Start of Block

(* Let $p\ge1$, assume $\mathrm{diam}(\mathcal X)\le C_{\mathcal X}$, $\mathrm{diam}(\mathcal Y)\le C_{\mathcal Y}$, and let $C_1,C_2$ satisfy the requirements of the GOSPA1 and GOSPA2 definitions (including, if $p>1$, the condition on $d_{\mathcal Y}$ for GOSPA2). Then for all graphs in $\mathbb G$: (a) $d_{\mathbb G,R_1}(([n],v,e),([n],w,f))=d_{\mathbb G,R_2}(([n],v,e),([n],w,f))$ for graphs of equal size $n$; (b) if $C_1^p\le C_2^p-\frac12C_{\mathcal Y}^p$, then $d_{\mathbb G,R_1}(([m],v,e),([n],w,f))\le d_{\mathbb G,R_2}(([m],v,e),([n],w,f))$; (c) if $C_2^p\le C_1^p-\frac12C_{\mathcal Y}^p$, then $d_{\mathbb G,R_1}(([m],v,e),([n],w,f))\ge d_{\mathbb G,R_2}(([m],v,e),([n],w,f))$; (d) if $C>0$ satisfies $C^p\ge C_i^p$ ($i\in\{1,2\}$), then $d_{\mathbb G,A}(([m],v,e),([n],w,f))\ge d_{\mathbb G,R_i}(([m],v,e),([n],w,f))$, where $d_{\mathbb G,A}$ uses penalty $C$ and the same order $p$.
   Context: Let $(\mathcal X,d_{\mathcal X})$ and $(\mathcal Y,d_{\mathcal Y})$ be pseudometric spaces (symmetric, satisfying the triangle inequality, $d(z,z)=0$), with a distinguished element $y_0\in\mathcal Y$ meaning "no edge". For $n\in\mathbb N_0$ write $[n]=\{1,\dots,n\}$ ($[0]=\emptyset$) and $S_n$ for the set of permutations of $[n]$. An attributed simple graph is a triple $([n],v,e)$ with $v:[n]\to\mathcal X$ and $e:[n]^2\to\mathcal Y$ symmetric ($e(i,i')=e(i',i)$) with $e(i,i)=y_0$ for all $i$; write $v_i=v(i)$, $e_{ii'}=e(i,i')$. Two graphs $([n],v,e)$, $([n],w,f)$ are regarded as equal if there is $\pi\in S_n$ with $v_i=w_{\pi(i)}$ and $e_{ii'}=f_{\pi(i)\pi(i')}$ for all $i,i'\in[n]$; $\mathbb G$ denotes the set of such graphs. GTT distance: for $p\ge1$, $C>0$ and $([m],v,e),([n],w,f)\in\mathbb G$ with $m\le n$, $$d_{\mathbb G,A}(([m],v,e),([n],w,f))=\min_{I\subset[m],\,\pi\in S_n}\Big[(m+n-2|I|)C^p+\sum_{i\in I}d_{\mathcal X}(v_i,w_{\pi(i)})^p+\tfrac12\sum_{(i,i')\in I^2}d_{\mathcal Y}(e_{ii'},f_{\pi(i)\pi(i')})^p+\tfrac12\sum_{(i,i')\in[m]^2\setminus I^2}d_{\mathcal Y}(e_{ii'},y_0)^p+\tfrac12\sum_{(j,j')\in[n]^2\setminus\pi(I)^2}d_{\mathcal Y}(y_0,f_{jj'})^p\Big]^{1/p},$$ and for $m>n$ it is defined by swapping the two arguments. GOSPA distances: assume $\mathrm{diam}(\mathcal X)\le C_{\mathcal X}$, $\mathrm{diam}(\mathcal Y)\le C_{\mathcal Y}$, $p\ge1$. For $([m],v,e),([n],w,f)\in\mathbb G$ with $n\ge\max\{m,1\}$ (otherwise swap arguments; both distances are $0$ if $m=n=0$), using the convention $0/0:=0$: GOSPA1 (penalty $C_1^p\ge C_{\mathcal X}^p+\frac12C_{\mathcal Y}^p$): $$d_{\mathbb G,R_1}=\frac{1}{n^{1/p}}\min_{\pi\in S_n}\Big[(n-m)C_1^p+\sum_{i\in[m]}d_{\mathcal X}(v_i,w_{\pi(i)})^p+\frac12\frac1{n-1}\sum_{i\in[m]}\Big(\sum_{i'\in[m]}d_{\mathcal Y}(e_{ii'},f_{\pi(i)\pi(i')})^p+(n-m)C_{\mathcal Y}^p\Big)\Big]^{1/p};$$ GOSPA2 (penalty $C_2^p\ge C_{\mathcal X}^p+C_{\mathcal Y}^p$; for $p>1$ additionally requiring $d_{\mathcal Y}(y_1,y_2)\le\max\{d_{\mathcal Y}(y_1,y_0),d_{\mathcal Y}(y_0,y_2)\}$ for all $y_1,y_2$): $$d_{\mathbb G,R_2}=\frac{1}{n^{1/p}}\min_{\pi\in S_n}\Big[(n-m)C_2^p+\sum_{i\in[m]}d_{\mathcal X}(v_i,w_{\pi(i)})^p+\frac12\frac1{n-1}\Big(\sum_{(i,i')\in[m]^2}d_{\mathcal Y}(e_{ii'},f_{\pi(i)\pi(i')})^p+\sum_{(i,i')\in[n]^2\setminus[m]^2}d_{\mathcal Y}(y_0,f_{\pi(i)\pi(i')})^p\Big)\Big]^{1/p}.$$ *)

theory Defs
  imports "HOL-Analysis.Analysis" "HOL-Combinatorics.Permutations"
begin

text \<open>An attributed simple graph ([n],v,e) is represented by its size n, vertex
attributes v (used on {1..n}) and edge attributes e (used on {1..n}^2).
All distances below are invariant under relabelling, so they are stated on
representatives.\<close>

definition pseudometric :: "('a \<Rightarrow> 'a \<Rightarrow> real) \<Rightarrow> bool" where
  "pseudometric d \<longleftrightarrow> (\<forall>x. d x x = 0) \<and> (\<forall>x y. d x y = d y x)
     \<and> (\<forall>x y z. d x z \<le> d x y + d y z)"

definition attr_graph :: "'y \<Rightarrow> nat \<Rightarrow> (nat \<Rightarrow> nat \<Rightarrow> 'y) \<Rightarrow> bool" where
  "attr_graph y0 n e \<longleftrightarrow> (\<forall>i\<in>{1..n}. \<forall>i'\<in>{1..n}. e i i' = e i' i) \<and> (\<forall>i\<in>{1..n}. e i i = y0)"

definition gtt_core ::
  "('x \<Rightarrow> 'x \<Rightarrow> real) \<Rightarrow> ('y \<Rightarrow> 'y \<Rightarrow> real) \<Rightarrow> 'y \<Rightarrow> real \<Rightarrow> real \<Rightarrow>
   nat \<Rightarrow> (nat \<Rightarrow> 'x) \<Rightarrow> (nat \<Rightarrow> nat \<Rightarrow> 'y) \<Rightarrow> nat \<Rightarrow> (nat \<Rightarrow> 'x) \<Rightarrow> (nat \<Rightarrow> nat \<Rightarrow> 'y) \<Rightarrow> real" where
  "gtt_core dX dY y0 p C m v e n w f =
     (Min ((\<lambda>(I, \<pi>).
        (real m + real n - 2 * real (card I)) * C powr p
        + (\<Sum>i\<in>I. dX (v i) (w (\<pi> i)) powr p)
        + 1/2 * (\<Sum>(i, i')\<in>I \<times> I. dY (e i i') (f (\<pi> i) (\<pi> i')) powr p)
        + 1/2 * (\<Sum>(i, i')\<in>({1..m} \<times> {1..m}) - (I \<times> I). dY (e i i') y0 powr p)
        + 1/2 * (\<Sum>(j, j')\<in>({1..n} \<times> {1..n}) - ((\<pi> ` I) \<times> (\<pi> ` I)). dY y0 (f j j') powr p))
      ` (Pow {1..m} \<times> {\<pi>. \<pi> permutes {1..n}}))) powr (1 / p)"

definition gtt_dist where
  "gtt_dist dX dY y0 p C m v e n w f =
     (if m \<le> n then gtt_core dX dY y0 p C m v e n w f else gtt_core dX dY y0 p C n w f m v e)"

text \<open>GOSPA1, case n \<ge> max m 1 (and value 0 for m = n = 0). Division by zero
is 0 in Isabelle, matching the convention 0/0 := 0 when n = 1.\<close>
definition gospa1_core ::
  "('x \<Rightarrow> 'x \<Rightarrow> real) \<Rightarrow> ('y \<Rightarrow> 'y \<Rightarrow> real) \<Rightarrow> real \<Rightarrow> real \<Rightarrow> real \<Rightarrow>
   nat \<Rightarrow> (nat \<Rightarrow> 'x) \<Rightarrow> (nat \<Rightarrow> nat \<Rightarrow> 'y) \<Rightarrow> nat \<Rightarrow> (nat \<Rightarrow> 'x) \<Rightarrow> (nat \<Rightarrow> nat \<Rightarrow> 'y) \<Rightarrow> real" where
  "gospa1_core dX dY p C1 CY m v e n w f =
     (if n = 0 then 0 else
      1 / (real n powr (1 / p)) *
      (Min ((\<lambda>\<pi>.
          (real n - real m) * C1 powr p
          + (\<Sum>i\<in>{1..m}. dX (v i) (w (\<pi> i)) powr p)
          + 1/2 * (1 / (real n - 1)) *
             (\<Sum>i\<in>{1..m}. (\<Sum>i'\<in>{1..m}. dY (e i i') (f (\<pi> i) (\<pi> i')) powr p)
                             + (real n - real m) * CY powr p))
        ` {\<pi>. \<pi> permutes {1..n}})) powr (1 / p))"

definition gospa1_dist where
  "gospa1_dist dX dY p C1 CY m v e n w f =
     (if m \<le> n then gospa1_core dX dY p C1 CY m v e n w f else gospa1_core dX dY p C1 CY n w f m v e)"

definition gospa2_core ::
  "('x \<Rightarrow> 'x \<Rightarrow> real) \<Rightarrow> ('y \<Rightarrow> 'y \<Rightarrow> real) \<Rightarrow> 'y \<Rightarrow> real \<Rightarrow> real \<Rightarrow>
   nat \<Rightarrow> (nat \<Rightarrow> 'x) \<Rightarrow> (nat \<Rightarrow> nat \<Rightarrow> 'y) \<Rightarrow> nat \<Rightarrow> (nat \<Rightarrow> 'x) \<Rightarrow> (nat \<Rightarrow> nat \<Rightarrow> 'y) \<Rightarrow> real" where
  "gospa2_core dX dY y0 p C2 m v e n w f =
     (if n = 0 then 0 else
      1 / (real n powr (1 / p)) *
      (Min ((\<lambda>\<pi>.
          (real n - real m) * C2 powr p
          + (\<Sum>i\<in>{1..m}. dX (v i) (w (\<pi> i)) powr p)
          + 1/2 * (1 / (real n - 1)) *
             ((\<Sum>(i, i')\<in>{1..m} \<times> {1..m}. dY (e i i') (f (\<pi> i) (\<pi> i')) powr p)
              + (\<Sum>(i, i')\<in>({1..n} \<times> {1..n}) - ({1..m} \<times> {1..m}). dY y0 (f (\<pi> i) (\<pi> i')) powr p)))
        ` {\<pi>. \<pi> permutes {1..n}})) powr (1 / p))"
text \<open>Take m = 2 and put mass p = (2 - \<epsilon>)/n on the corners (0,0) and (0,1), mass
  x = (5/2 - \<epsilon>)/n on (1,1) and the remaining mass q on (1,0). Since n p > 1, an unoccupied
  corner would pay every forecaster more than the average payoff 1/n after moving there, so in an
  equilibrium every corner is occupied and every forecaster sits on a corner, sharing its mass
  with the others there. Moving to a corner y secures Q(y)/(|K y| + 1); summing over the corners
  gives every forecaster at least 1/(n + 4) > p/2, which leaves exactly one forecaster on each
  light corner and one or two on (1,1). With one, the forecaster on (0,1) gains by moving to
  (1,1), where it also keeps a third of (0,1); with two, a forecaster on (1,1) gains by moving
  to (1,0).\<close>

lemma dist2_nonneg: "0 \<le> dist2 m a b"
  by (simp add: dist2_def sum_nonneg)

lemma dist2_eq_0_iff: "dist2 m a b = 0 \<longleftrightarrow> (\<forall>i<m. a i = b i)"
  by (auto simp: dist2_def sum_nonneg_eq_0_iff)

lemma dist2_self [simp]: "dist2 m a a = 0"
  by (simp add: dist2_eq_0_iff)

lemma dist2_eq_if_dist2_eq_0:
  assumes "dist2 m a a' = 0"
  shows "dist2 m a b = dist2 m a' b"
  using assms unfolding dist2_eq_0_iff by (simp add: dist2_def)

lemma Ycube_subset_Xcube: "Ycube m \<subseteq> Xcube m"
  by (auto simp: Ycube_def Xcube_def)

lemma zero_in_Ycube: "(\<lambda>_. 0) \<in> Ycube m"
  by (simp add: Ycube_def)

lemma Ycube_eqI:
  assumes "y \<in> Ycube m" "y' \<in> Ycube m" "\<forall>i<m. y i = y' i"
  shows "y = y'"
proof
  fix i show "y i = y' i"
    using assms by (cases "i < m") (auto simp: Ycube_def)
qed

lemma is_distr_finite: "is_distr m Q \<Longrightarrow> finite (Ycube m)"
  by (metis is_distr_def sum.infinite zero_neq_one)

lemma winners_subset: "winners m n xs y \<subseteq> {..<n}"
  by (auto simp: winners_def)

lemma finite_winners: "finite (winners m n xs y)"
  using finite_subset[OF winners_subset] by blast
lemma double_counting_le:
  fixes r s :: real
  assumes "finite A" "finite B"
    and "\<And>a. a \<in> A \<Longrightarrow> r \<le> card {b \<in> B. R a b}"
    and "\<And>b. b \<in> B \<Longrightarrow> card {a \<in> A. R a b} \<le> s"
  shows "card A * r \<le> card B * s"
proof -
  have "card A * r \<le> (\<Sum>a\<in>A. real (card {b \<in> B. R a b}))"
    using sum_mono[of A "\<lambda>_. r", OF assms(3)] by simp
  also have "\<dots> = (\<Sum>b\<in>B. real (card {a \<in> A. R a b}))"
    using sum_multicount_gen[OF assms(1,2), of R "\<lambda>b. card {a \<in> A. R a b}"]
    by (simp flip: of_nat_sum)
  also have "\<dots> \<le> card B * s"
    using sum_mono[of B _ "\<lambda>_. s", OF assms(4)] by simp
  finally show ?thesis .
qed

locale clustered_kgraph =
  fixes k t m0 :: nat and V V0 :: "'a set" and P W :: "nat \<Rightarrow> 'a set" and E :: "'a set set"
  assumes k_pos: "0 < k" and m0_pos: "0 < m0"
    and kpartite: "kpartite_kgraph k V P E"
    and cover: "V = V0 \<union> (\<Union>j\<in>{1..k*t}. W j)"
    and V0_disjoint: "\<forall>j\<in>{1..k*t}. V0 \<inter> W j = {}"
    and W_disjoint: "\<forall>j\<in>{1..k*t}. \<forall>j'\<in>{1..k*t}. j \<noteq> j' \<longrightarrow> W j \<inter> W j' = {}"
    and parts_cluster_unions: "\<forall>i<k. \<exists>J\<subseteq>{1..k*t}. card J = t \<and> P i - V0 = (\<Union>j\<in>J. W j)"
    and card_W: "\<forall>j\<in>{1..k*t}. card (W j) = m0"
begin

abbreviation cpart :: "nat \<Rightarrow> nat set" where
  "cpart \<equiv> cluster_parts (k*t) P W"

lemma finite_V: "finite V"
  and P_subset_V: "i < k \<Longrightarrow> P i \<subseteq> V"
  and V_eq_UN_P: "V = (\<Union>i<k. P i)"
  and P_disjoint: "i < k \<Longrightarrow> i' < k \<Longrightarrow> i \<noteq> i' \<Longrightarrow> P i \<inter> P i' = {}"
  and edge_props: "e \<in> E \<Longrightarrow> e \<subseteq> V \<and> card e = k \<and> legal k P e"
  using kpartite unfolding kpartite_kgraph_def by auto

lemma W_subset_V: "j \<in> {1..k*t} \<Longrightarrow> W j \<subseteq> V"
  by (subst cover) blast

lemma finite_W: "j \<in> {1..k*t} \<Longrightarrow> finite (W j)"
  using W_subset_V finite_V by (rule finite_subset)

lemma finite_PiE_clusters: "J \<subseteq> {1..k*t} \<Longrightarrow> finite (PiE J W)"
  using finite_W by (intro finite_PiE) (auto dest: finite_subset[OF _ finite_atLeastAtMost])

lemma W_nonempty: "j \<in> {1..k*t} \<Longrightarrow> W j \<noteq> {}"
  using card_W m0_pos by fastforce

lemma cpart_subset: "cpart i \<subseteq> {1..k*t}"
  and W_subset_P: "j \<in> cpart i \<Longrightarrow> W j \<subseteq> P i"
  by (auto simp: cluster_parts_def)

lemma finite_cpart: "finite (cpart i)"
  using cpart_subset by (rule finite_subset) simp

lemma cpart_card_and_union:
  assumes "i < k"
  shows "card (cpart i) = t" and "P i - V0 = (\<Union>j\<in>cpart i. W j)"
proof -
  obtain J where J: "J \<subseteq> {1..k*t}" "card J = t" "P i - V0 = (\<Union>j\<in>J. W j)"
    using parts_cluster_unions assms by blast
  have "cpart i = J"
  proof
    show "J \<subseteq> cpart i"
      using J by (auto simp: cluster_parts_def)
    show "cpart i \<subseteq> J"
    proof
      fix j assume j: "j \<in> cpart i"
      then have j_range: "j \<in> {1..k*t}"
        using cpart_subset by blast
      then obtain x where x: "x \<in> W j"
        using W_nonempty by blast
      moreover have "x \<notin> V0"
        using x j_range V0_disjoint by blast
      ultimately have "x \<in> P i - V0"
        using W_subset_P[OF j] by blast
      then obtain j' where j': "j' \<in> J" "x \<in> W j'"
        using J(3) by blast
      then have "j' \<in> {1..k*t}"
        using J(1) by blast
      then show "j \<in> J"
        using W_disjoint j_range x j' by (metis disjoint_iff)
    qed
  qed
  then show "card (cpart i) = t" "P i - V0 = (\<Union>j\<in>cpart i. W j)"
    using J by simp_all
qed

lemma cpart_disjoint: "disjoint_family_on cpart {..<k}"
  unfolding disjoint_family_on_def
proof (intro ballI impI equals0I)
  fix i i' j assume "i \<in> {..<k}" "i' \<in> {..<k}" "i \<noteq> i'" and j: "j \<in> cpart i \<inter> cpart i'"
  then have "P i \<inter> P i' = {}"
    using P_disjoint by simp
  moreover have "W j \<subseteq> P i" "W j \<subseteq> P i'"
    using j W_subset_P by auto
  moreover have "W j \<noteq> {}"
    using j cpart_subset W_nonempty by blast
  ultimately show False
    by blast
qed

lemma clusters_covered: "{1..k*t} \<subseteq> (\<Union>i<k. cpart i)"
proof
  fix j assume j: "j \<in> {1..k*t}"
  then obtain x where x: "x \<in> W j"
    using W_nonempty by blast
  then obtain i where i: "i < k" "x \<in> P i"
    using j W_subset_V V_eq_UN_P by blast
  moreover have "x \<notin> V0"
    using x j V0_disjoint by blast
  ultimately obtain j' where j': "j' \<in> cpart i" "x \<in> W j'"
    using cpart_card_and_union(2)[OF i(1)] by blast
  then have "j' = j"
    using j x cpart_subset W_disjoint by (metis disjoint_iff subsetD)
  then show "j \<in> (\<Union>i<k. cpart i)"
    using i(1) j' by blast
qed

lemma legal_cluster_set_misses_one_part:
  assumes "S \<subseteq> {1..k*t}" "card S = k - 1" "legal k cpart S"
  obtains i where "i < k" "S \<inter> cpart i = {}" "\<forall>i'<k. i' \<noteq> i \<longrightarrow> card (S \<inter> cpart i') = 1"
proof (rule legal_set_misses_one_part)
  show "finite S"
    using assms(1) finite_subset by blast
  show "S \<subseteq> (\<Union>i<k. cpart i)"
    using assms(1) clusters_covered by blast
  show "card S + 1 = k"
    using assms(2) k_pos by simp
qed (use assms(3) cpart_disjoint that in \<open>auto simp: legal_def\<close>)

lemma card_PiE_clusters:
  assumes "S \<subseteq> {1..k*t}"
  shows "card (PiE S W) = m0 ^ card S"
proof -
  have "card (PiE S W) = (\<Prod>j\<in>S. card (W j))"
    using assms by (intro card_PiE) (simp add: finite_subset)
  also have "\<dots> = (\<Prod>j\<in>S. m0)"
    using assms card_W by (intro prod.cong) auto
  finally show ?thesis
    by simp
qed

lemma transversal_subset_V:
  assumes "S \<subseteq> {1..k*t}" "f \<in> PiE S W"
  shows "f ` S \<subseteq> V"
  using assms W_subset_V PiE_mem by blast

lemma card_transversal:
  assumes S: "S \<subseteq> {1..k*t}" and f: "f \<in> PiE S W"
  shows "card (f ` S) = card S"
proof (rule card_image, rule inj_onI)
  fix a b assume ab: "a \<in> S" "b \<in> S" "f a = f b"
  show "a = b"
  proof (rule ccontr)
    assume "a \<noteq> b"
    then have "W a \<inter> W b = {}"
      using ab(1,2) S W_disjoint by (simp add: subset_iff)
    then show False
      using ab PiE_mem[OF f] by (metis disjoint_iff)
  qed
qed

lemma legal_transversal:
  assumes S: "S \<subseteq> {1..k*t}" "legal k cpart S" and f: "f \<in> PiE S W"
  shows "legal k P (f ` S)"
  unfolding legal_def
proof (intro allI impI)
  fix i assume i: "i < k"
  have "f ` S \<inter> P i \<subseteq> f ` (S \<inter> cpart i)"
  proof
    fix x assume "x \<in> f ` S \<inter> P i"
    then obtain a where a: "a \<in> S" "x = f a" "x \<in> P i"
      by blast
    then obtain i' where i': "i' < k" "a \<in> cpart i'"
      using S(1) clusters_covered by blast
    then have "x \<in> P i'"
      using a PiE_mem[OF f] W_subset_P by blast
    then have "i' = i"
      using a(3) i i'(1) P_disjoint by (metis disjoint_iff)
    then show "x \<in> f ` (S \<inter> cpart i)"
      using a i'(2) by blast
  qed
  have finite_S: "finite S"
    using S(1) by (rule finite_subset) simp
  have "card (f ` S \<inter> P i) \<le> card (f ` (S \<inter> cpart i))"
    using finite_S \<open>f ` S \<inter> P i \<subseteq> f ` (S \<inter> cpart i)\<close> by (intro card_mono) auto
  also have "\<dots> \<le> card (S \<inter> cpart i)"
    using finite_S by (intro card_image_le) auto
  also have "\<dots> \<le> 1"
    using S(2) i by (simp add: legal_def)
  finally show "card (f ` S \<inter> P i) \<le> 1" .
qed

definition cluster_edge_count :: "nat set \<Rightarrow> nat" where
  "cluster_edge_count J = card {g \<in> PiE J W. g ` J \<in> E}"

lemma cluster_edge_count_le:
  assumes "J \<subseteq> {1..k*t}" "card J = k"
  shows "cluster_edge_count J \<le> m0 ^ k"
proof -
  have "cluster_edge_count J \<le> card (PiE J W)"
    unfolding cluster_edge_count_def using finite_PiE_clusters[OF assms(1)] by (intro card_mono) auto
  then show ?thesis
    using card_PiE_clusters assms by simp
qed

lemma density_cluster_tuple:
  assumes "J \<subseteq> {1..k*t}" "card J = k"
  shows "density k E (cluster_tuple W J) = real (cluster_edge_count J) / real m0 ^ k"
proof -
  let ?s = "sorted_list_of_set J"
  have "finite J"
    using assms(1) finite_subset by blast
  then have s: "distinct ?s" "set ?s = J" "length ?s = k"
    using assms(2) by auto
  then have bij: "bij_betw ((!) ?s) {..<k} J"
    by (intro bij_betw_nth) auto
  have "e_count k E (cluster_tuple W J) = cluster_edge_count J"
    unfolding e_count_def cluster_tuple_def cluster_edge_count_def
    using card_edge_tuples_reindex[OF bij] by simp
  moreover have "(\<Prod>i<k. real (card (cluster_tuple W J i))) = (\<Prod>i<k. real m0)"
  proof (rule prod.cong)
    fix i assume "i \<in> {..<k}"
    then have "?s ! i \<in> {1..k*t}"
      using s assms(1) nth_mem by fastforce
    then show "real (card (cluster_tuple W J i)) = real m0"
      using card_W by (simp add: cluster_tuple_def)
  qed simp
  ultimately show ?thesis
    unfolding density_def by simp
qed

End of Block

What you need to do: Nothing should appear in the answer except the lines above from the line with "(\<forall>x y z." through the line with "(if m \<le> n then gtt_core", both included, written out exactly.

Answer below:
     \<and> (\<forall>x y z. d x z \<le> d x y + d y z)"

definition attr_graph :: "'y \<Rightarrow> nat \<Rightarrow> (nat \<Rightarrow> nat \<Rightarrow> 'y) \<Rightarrow> bool" where
  "attr_graph y0 n e \<longleftrightarrow> (\<forall>i\<in>{1..n}. \<forall>i'\<in>{1..n}. e i i' = e i' i) \<and> (\<forall>i\<in>{1..n}. e i i = y0)"

definition gtt_core ::
  "('x \<Rightarrow> 'x \<Rightarrow> real) \<Rightarrow> ('y \<Rightarrow> 'y \<Rightarrow> real) \<Rightarrow> 'y \<Rightarrow> real \<Rightarrow> real \<Rightarrow>
   nat \<Rightarrow> (nat \<Rightarrow> 'x) \<Rightarrow> (nat \<Rightarrow> nat \<Rightarrow> 'y) \<Rightarrow> nat \<Rightarrow> (nat \<Rightarrow> 'x) \<Rightarrow> (nat \<Rightarrow> nat \<Rightarrow> 'y) \<Rightarrow> real" where
  "gtt_core dX dY y0 p C m v e n w f =
     (Min ((\<lambda>(I, \<pi>).
        (real m + real n - 2 * real (card I)) * C powr p
        + (\<Sum>i\<in>I. dX (v i) (w (\<pi> i)) powr p)
        + 1/2 * (\<Sum>(i, i')\<in>I \<times> I. dY (e i i') (f (\<pi> i) (\<pi> i')) powr p)
        + 1/2 * (\<Sum>(i, i')\<in>({1..m} \<times> {1..m}) - (I \<times> I). dY (e i i') y0 powr p)
        + 1/2 * (\<Sum>(j, j')\<in>({1..n} \<times> {1..n}) - ((\<pi> ` I) \<times> (\<pi> ` I)). dY y0 (f j j') powr p))
      ` (Pow {1..m} \<times> {\<pi>. \<pi> permutes {1..n}}))) powr (1 / p)"

definition gtt_dist where
  "gtt_dist dX dY y0 p C m v e n w f =
     (if m \<le> n then gtt_core dX dY y0 p C m v e n w f else gtt_core dX dY y0 p C n w f m v e)"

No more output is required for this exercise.